Although it will not be published until Monday, the timing of its release to Congress, the day after Nato reached agreement with Russia on terms for the expansion of the alliance eastwards, exposed a paradox.

While the Nato deal presages big changes to the alliance, the long negotiations caused barely a ripple of open dissent in the US. The QDR, by contrast, though judged to be relatively unadventurous, has already unleashed a torrent of criticism.

From the right comes the charge that military spending and manpower, both now 30 per cent lower than at their peak in the Reagan years, have been cut so far that any further decrease in spending, manpower or hardware will jeopardise security. In fact, the new proposed cuts are seen as modest compared to those of recent years - 60,000 troops, for instance, compared to cuts of 600,000 since 1989.

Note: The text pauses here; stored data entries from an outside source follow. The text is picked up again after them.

lemma sum_factor_term:
  assumes "norm q < 1" "q \<noteq> 0" "\<And>t. Z * q * q ^ t \<noteq> 1"
  shows "(\<Sum>i\<le>N. factor_term q Z N k i) = inv_qfact_diff q N k * Z ^ k / (qprod q q k * qprod (Z * q) q N)"
proof (cases "k \<le> N")
  case True
  let ?Y = "Z * q ^ k"
  have hY: "?Y * q * q ^ t \<noteq> 1" for t
    using assms(3)[of "k + t"] by (simp add: power_add mult_ac)
  have nz: "qprod q q n \<noteq> 0" "qprod (Z * q) q n \<noteq> 0" "qprod (?Y * q) q n \<noteq> 0" for n
    using qprod_q_nonzero[OF assms(1)] qprod_nonzero[OF assms(3)] qprod_nonzero[OF hY] by auto
  have split: "qprod (Z * q) q (k + u) = qprod (Z * q) q k * qprod (?Y * q) q u" for u
    by (simp add: qprod_add mult_ac)
  have "(\<Sum>i\<le>N. factor_term q Z N k i) = (\<Sum>u\<le>N - k. factor_term q Z N k (k + u))"
    by (rule sum_atMost_drop_zeros[OF True]) (simp add: factor_term_def)
  also have "\<dots> = (\<Sum>u\<le>N - k. (Z ^ k / (qprod q q k * qprod (Z * q) q k)) *
      (?Y ^ u * q ^ (u * u) / (qprod q q u * qprod q q (N - k - u) * qprod (?Y * q) q u)))"
  proof (rule sum.cong[OF refl])
    fix u
    have "q ^ ((k + u) * u) = q ^ (k * u) * q ^ (u * u)"
      by (simp add: power_add algebra_simps)
    then show "factor_term q Z N k (k + u) = (Z ^ k / (qprod q q k * qprod (Z * q) q k)) *
        (?Y ^ u * q ^ (u * u) / (qprod q q u * qprod q q (N - k - u) * qprod (?Y * q) q u))"
      unfolding factor_term_def qbinom_def split using nz
      by (simp add: field_simps power_add power_mult_distrib power_mult)
  qed
  also have "\<dots> = (Z ^ k / (qprod q q k * qprod (Z * q) q k)) * (1 / (qprod q q (N - k) * qprod (?Y * q) q (N - k)))"
    by (simp only: sum_distrib_left[symmetric] sum_qsquare_div_qprod[OF assms(1,2) hY])
  also have "\<dots> = inv_qfact_diff q N k * Z ^ k / (qprod q q k * qprod (Z * q) q N)"
    using True nz split[of "N - k"] by (simp add: inv_qfact_diff_def field_simps)
  finally show ?thesis .
qed (simp add: factor_term_def inv_qfact_diff_def)
(* Let $N\ge1$, $\lambda_1,\dots,\lambda_N$ distinct, $\mu_1,\dots,\mu_N$ nonzero constants, $A=\mathrm{diag}(\lambda_j)$, $B=\mathrm{diag}(\mu_j)$. Suppose $P_i,Q_i$ ($i=1,2,3$) satisfy the nonlinearized spatial system (defined below). Then for all $m\ge0$: \[\tilde a_{m+1}=\sum_{i=0}^m I_i(\langle A^{m-i}P_1,BQ_1\rangle-\langle A^{m-i}P_3,BQ_3\rangle)-I_{m+1},\] \[\tilde b_{m+1}=\sqrt2\sum_{i=0}^m I_i(\langle A^{m-i}P_1,BQ_2\rangle+\langle A^{m-i}P_2,BQ_3\rangle),\] \[\tilde c_{m+1}=\sqrt2\sum_{i=0}^m I_i(\langle A^{m-i}P_2,BQ_1\rangle+\langle A^{m-i}P_3,BQ_2\rangle),\] where $I_0=1$ and \[I_m=\sum_{n=1}^m d_n\sum_{\substack{i_1+\cdots+i_n=m\\ i_1,\dots,i_n\ge1}}F_{i_1}\cdots F_{i_n},\quad m\ge1,\] with constants $d_n$ determined by $d_1=-\frac18$, $d_2=\frac{3}{128}$ and \[d_n=-\frac12\sum_{i=1}^{n-1}d_id_{n-i}-\frac14 d_{n-1}-\frac18\sum_{i=1}^{n-2}d_id_{n-i-1},\quad n\ge3.\]
   Context: Potential $u=(q,r)^T$; $U(u,\lambda)=\begin{pmatrix}-2\lambda&\sqrt2 q&0\\ \sqrt2 r&0&\sqrt2 q\\ 0&\sqrt2 r&2\lambda\end{pmatrix}$. Differential polynomials $a_i,b_i,c_i$ in $q,r$ and their $x$-derivatives are defined by $a_0=-1$, $b_0=c_0=0$ and, for $i\ge0$, $a_{i+1}=\frac12\partial^{-1}(q c_{i,x}+r b_{i,x})$, $b_{i+1}=-\frac12 b_{i,x}-q a_i$, $c_{i+1}=\frac12 c_{i,x}-r a_i$ ($\partial=d/dx$), with the constants of integration fixed by requiring $a_i|_{u=0}=b_i|_{u=0}=c_i|_{u=0}=0$ for $i\ge1$ (e.g. $a_1=0$, $b_1=q$, $c_1=r$, $a_2=\frac12qr$, $b_2=-\frac12q_x$, $c_2=\frac12r_x$). Phase space $\mathbb{R}^{6N}$ with coordinates $\phi_{ij},\psi_{ij}$ ($i=1,2,3$, $j=1,\dots,N$), $P_i=(\phi_{i1},\dots,\phi_{iN})^T$, $Q_i=(\psi_{i1},\dots,\psi_{iN})^T$, $\langle\cdot,\cdot\rangle$ the standard inner product on $\mathbb{R}^N$. Set $\tilde q=\sqrt2(\langle P_1,BQ_2\rangle+\langle P_2,BQ_3\rangle)$, $\tilde r=\sqrt2(\langle P_2,BQ_1\rangle+\langle P_3,BQ_2\rangle)$, $\tilde u=(\tilde q,\tilde r)^T$. The nonlinearized spatial system is $(\phi_{1j},\phi_{2j},\phi_{3j})^T_x=U(\tilde u,\lambda_j)(\phi_{1j},\phi_{2j},\phi_{3j})^T$, $(\psi_{1j},\psi_{2j},\psi_{3j})^T_x=-U(\tilde u,\lambda_j)^T(\psi_{1j},\psi_{2j},\psi_{3j})^T$, $j=1,\dots,N$. For a differential polynomial $Z$ in $u$, $\tilde Z$ denotes the result of substituting $u=\tilde u$ (with $x$-derivatives taken along the solution, equivalently eliminated using the nonlinearized spatial system). $F_1=-8(\langle P_1,BQ_1\rangle-\langle P_3,BQ_3\rangle)$ and for $m\ge2$: $F_m=4\sum_{i=1}^{m-1}\big[(\langle A^{i-1}P_1,BQ_1\rangle-\langle A^{i-1}P_3,BQ_3\rangle)(\langle A^{m-i-1}P_1,BQ_1\rangle-\langle A^{m-i-1}P_3,BQ_3\rangle)+2(\langle A^{i-1}P_1,BQ_2\rangle+\langle A^{i-1}P_2,BQ_3\rangle)(\langle A^{m-i-1}P_2,BQ_1\rangle+\langle A^{m-i-1}P_3,BQ_2\rangle)\big]-8(\langle A^{m-1}P_1,BQ_1\rangle-\langle A^{m-1}P_3,BQ_3\rangle)$. *)

theory Defs
  imports "HOL-Analysis.Analysis"
begin

text \<open>A jet is a pair of sequences (q_0, q_1, q_2, ...) and (r_0, r_1, ...), where q_k stands
for the k-th x-derivative of q.\<close>

type_synonym jetfun = "(nat \<Rightarrow> real) \<Rightarrow> (nat \<Rightarrow> real) \<Rightarrow> real"

inductive diffpoly :: "jetfun \<Rightarrow> bool" where
  dp_const: "diffpoly (\<lambda>Q R. c)"
| dp_q: "diffpoly (\<lambda>Q R. Q k)"
| dp_r: "diffpoly (\<lambda>Q R. R k)"
| dp_add: "diffpoly f \<Longrightarrow> diffpoly g \<Longrightarrow> diffpoly (\<lambda>Q R. f Q R + g Q R)"
| dp_mult: "diffpoly f \<Longrightarrow> diffpoly g \<Longrightarrow> diffpoly (\<lambda>Q R. f Q R * g Q R)"

definition jet :: "(real \<Rightarrow> real) \<Rightarrow> real \<Rightarrow> nat \<Rightarrow> real" where
  "jet f x k = (deriv ^^ k) f x"

definition smooth :: "(real \<Rightarrow> real) \<Rightarrow> bool" where
  "smooth f \<longleftrightarrow> (\<forall>k x. (deriv ^^ k) f differentiable (at x))"

definition along :: "jetfun \<Rightarrow> (real \<Rightarrow> real) \<Rightarrow> (real \<Rightarrow> real) \<Rightarrow> real \<Rightarrow> real" where
  "along Z q r x = Z (jet q x) (jet r x)"

definition Dx :: "jetfun \<Rightarrow> jetfun" where
  "Dx Z = (THE W. diffpoly W \<and>
     (\<forall>q r x. smooth q \<longrightarrow> smooth r \<longrightarrow>
        (along Z q r has_real_derivative along W q r x) (at x)))"

definition Dinv :: "jetfun \<Rightarrow> jetfun" where
  "Dinv Z = (THE W. diffpoly W \<and> W (\<lambda>_. 0) (\<lambda>_. 0) = 0 \<and>
     (\<forall>q r x. smooth q \<longrightarrow> smooth r \<longrightarrow>
        (along W q r has_real_derivative along Z q r x) (at x)))"

fun abc :: "nat \<Rightarrow> jetfun \<times> jetfun \<times> jetfun" where
  "abc 0 = ((\<lambda>Q R. -1), (\<lambda>Q R. 0), (\<lambda>Q R. 0))"
| "abc (Suc i) = (case abc i of (a, b, c) \<Rightarrow>
     ((\<lambda>Q R. (1/2) * Dinv (\<lambda>Q R. Q 0 * Dx c Q R + R 0 * Dx b Q R) Q R),
      (\<lambda>Q R. -(1/2) * Dx b Q R - Q 0 * a Q R),
      (\<lambda>Q R. (1/2) * Dx c Q R - R 0 * a Q R)))"

definition a_dp :: "nat \<Rightarrow> jetfun" where "a_dp i = fst (abc i)"
definition b_dp :: "nat \<Rightarrow> jetfun" where "b_dp i = fst (snd (abc i))"
definition c_dp :: "nat \<Rightarrow> jetfun" where "c_dp i = snd (snd (abc i))"

text \<open>P a j = \<phi>_{aj}, Q b j = \<psi>_{bj}, lam j = \<lambda>_j, mu j = \<mu>_j.
 ip lam mu N P Q k a b = \<langle>A^k P_a, B Q_b\<rangle> with A = diag(\<lambda>_j), B = diag(\<mu>_j).\<close>
definition ip :: "(nat \<Rightarrow> real) \<Rightarrow> (nat \<Rightarrow> real) \<Rightarrow> nat \<Rightarrow> (nat \<Rightarrow> nat \<Rightarrow> real) \<Rightarrow>
    (nat \<Rightarrow> nat \<Rightarrow> real) \<Rightarrow> nat \<Rightarrow> nat \<Rightarrow> nat \<Rightarrow> real" where
  "ip lam mu N P Q k a b = (\<Sum>j=1..N. (lam j ^ k * P a j) * (mu j * Q b j))"

definition Fm :: "(nat \<Rightarrow> real) \<Rightarrow> (nat \<Rightarrow> real) \<Rightarrow> nat \<Rightarrow> (nat \<Rightarrow> nat \<Rightarrow> real) \<Rightarrow>
    (nat \<Rightarrow> nat \<Rightarrow> real) \<Rightarrow> nat \<Rightarrow> real" where
  "Fm lam mu N P Q m =
    (let g = ip lam mu N P Q in
     if m = 1 then -8 * (g 0 1 1 - g 0 3 3)
     else 4 * (\<Sum>i=1..m-1.
              (g (i-1) 1 1 - g (i-1) 3 3) * (g (m-i-1) 1 1 - g (m-i-1) 3 3)
            + 2 * (g (i-1) 1 2 + g (i-1) 2 3) * (g (m-i-1) 2 1 + g (m-i-1) 3 2))
          - 8 * (g (m-1) 1 1 - g (m-1) 3 3))"

fun dn :: "nat \<Rightarrow> real" where
  "dn 0 = 0"
| "dn (Suc 0) = -1/8"
| "dn (Suc (Suc 0)) = 3/128"
| "dn (Suc (Suc (Suc k))) =
     (let n = Suc (Suc (Suc k)) in
      -(1/2) * (\<Sum>i\<in>{1..n-1}. dn i * dn (n-i)) - (1/4) * dn (n-1)
      - (1/8) * (\<Sum>i\<in>{1..n-2}. dn i * dn (n-i-1)))"

definition Im :: "(nat \<Rightarrow> real) \<Rightarrow> (nat \<Rightarrow> real) \<Rightarrow> nat \<Rightarrow> (nat \<Rightarrow> nat \<Rightarrow> real) \<Rightarrow>
    (nat \<Rightarrow> nat \<Rightarrow> real) \<Rightarrow> nat \<Rightarrow> real" where
  "Im lam mu N P Q m =
    (if m = 0 then 1
     else (\<Sum>n=1..m. dn n *
        (\<Sum>is\<in>{is. length is = n \<and> (\<forall>i\<in>set is. 1 \<le> i) \<and> sum_list is = m}.
            prod_list (map (Fm lam mu N P Q) is))))"

end

(* Collect the brackets in generating series in X (X standing for 1/lambda):
   G = sum_k (<A^k P_1, B Q_1> - <A^k P_3, B Q_3>) X^k, and H, K likewise.  Along a solution
   of the nonlinearized system, G, H, K obey linear x-ODEs which make the series
   F = 4 X^2 (G^2 + 2 H K) - 8 X G of the F_m independent of x, hence also
   I = d(F), where d(t) = sum_n d_n t^n = (1 + t/4)^(-1/2).  The series A = -I + X I G,
   B = sqrt 2 X I H and C = sqrt 2 X I K then satisfy B = X (-B_x/2 - q A) and
   C = X (C_x/2 - r A), which is the recursion for b_m and c_m, and A^2 + B C = 1, which is the
   recursion a_(m+1) = 1/2 sum_(i=1..m) (a_i a_(m+1-i) + b_i c_(m+1-i)) obtained by evaluating the
   antiderivative in the definition of a_(m+1).  Induction on m gives a_m = A_m, b_m = B_m and
   c_m = C_m.  The total derivative and its inverse, defined by THE, are pinned down by realising
   jets by polynomials. *)

theory Submission
  imports Defs "HOL-Computational_Algebra.Computational_Algebra" "HOL-Computational_Algebra.Field_as_Ring"
begin

section \<open>The total derivative and its inverse on differential polynomials\<close>

definition smooth_at :: "(real \<Rightarrow> real) \<Rightarrow> real \<Rightarrow> bool" where
  "smooth_at f x \<longleftrightarrow> (\<forall>k. (deriv ^^ k) f differentiable (at x))"

lemma smooth_imp_smooth_at: "smooth f \<Longrightarrow> smooth_at f x"
  by (simp add: smooth_def smooth_at_def)

lemma along_eq: "along Z q r = (\<lambda>x. Z (jet q x) (jet r x))"
  by (simp add: along_def fun_eq_iff)

lemma along_jet_0: "along (\<lambda>Q R. Q 0) q r x = q x" "along (\<lambda>Q R. R 0) q r x = r x"
  by (simp_all add: along_def jet_def)

lemma diffpoly_diff: "diffpoly f \<Longrightarrow> diffpoly g \<Longrightarrow> diffpoly (\<lambda>Q R. f Q R - g Q R)"
  using dp_add[of f "\<lambda>Q R. -1 * g Q R"] dp_mult[OF dp_const[of "-1"]] by simp

lemma diffpoly_cmult: "diffpoly f \<Longrightarrow> diffpoly (\<lambda>Q R. c * f Q R)"
  by (rule dp_mult[OF dp_const])

lemma diffpoly_sum: "(\<And>i. i \<in> S \<Longrightarrow> diffpoly (f i)) \<Longrightarrow> diffpoly (\<lambda>Q R. \<Sum>i\<in>S. f i Q R)"
proof (induction S rule: infinite_finite_induct)
  case (insert a S)
  then show ?case using dp_add[of "f a" "\<lambda>Q R. \<Sum>i\<in>S. f i Q R"] by simp
qed (use dp_const[of 0] in simp_all)

definition depends_on_jet :: "nat \<Rightarrow> jetfun \<Rightarrow> bool" where
  "depends_on_jet K Z \<longleftrightarrow>
     (\<forall>Q R Q' R'. (\<forall>k<K. Q k = Q' k) \<longrightarrow> (\<forall>k<K. R k = R' k) \<longrightarrow> Z Q R = Z Q' R')"

lemma depends_on_jetI:
  "(\<And>Q R Q' R'. (\<And>k. k < K \<Longrightarrow> Q k = Q' k) \<Longrightarrow> (\<And>k. k < K \<Longrightarrow> R k = R' k) \<Longrightarrow> Z Q R = Z Q' R')
    \<Longrightarrow> depends_on_jet K Z"
  unfolding depends_on_jet_def by blast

From the left comes the charge that the "peace dividend"- sums supposedly saved after the Cold War - have been mislaid or squandered. From dozens of individual congressmen come objections that anticipate closure of local factories and bases.

The most sweeping criticism comes from political groupings and military insiders, who attack the QDR for its unadventurousness, asking why it did not take the opportunity to reconsider the whole thrust of US defence policy. "It's just business as usual, with some nibbling around the edges," said retired vice-admiral Jack Shanahan, of the Centre for Defence Information.

Overall, critics of the QDR do not object to manpower reductions, procurement cuts or base closures in principle. They even praise the attempt to narrow the gap between available funds and strategy goals. What they object to is the balance and above all the "vision" of the proposals as rooted in the past.

One complaint is that more manpower than hardware is destined to be cut and more active-duty troops than infrastructure staff. The argument was between "boys and toys", said Franklin Spinney, of the Pentagon, and "toys" won. Not just any "toys", he points out, but costly aircraft and submarines that may not be appropriate for the new tasks that confront the military.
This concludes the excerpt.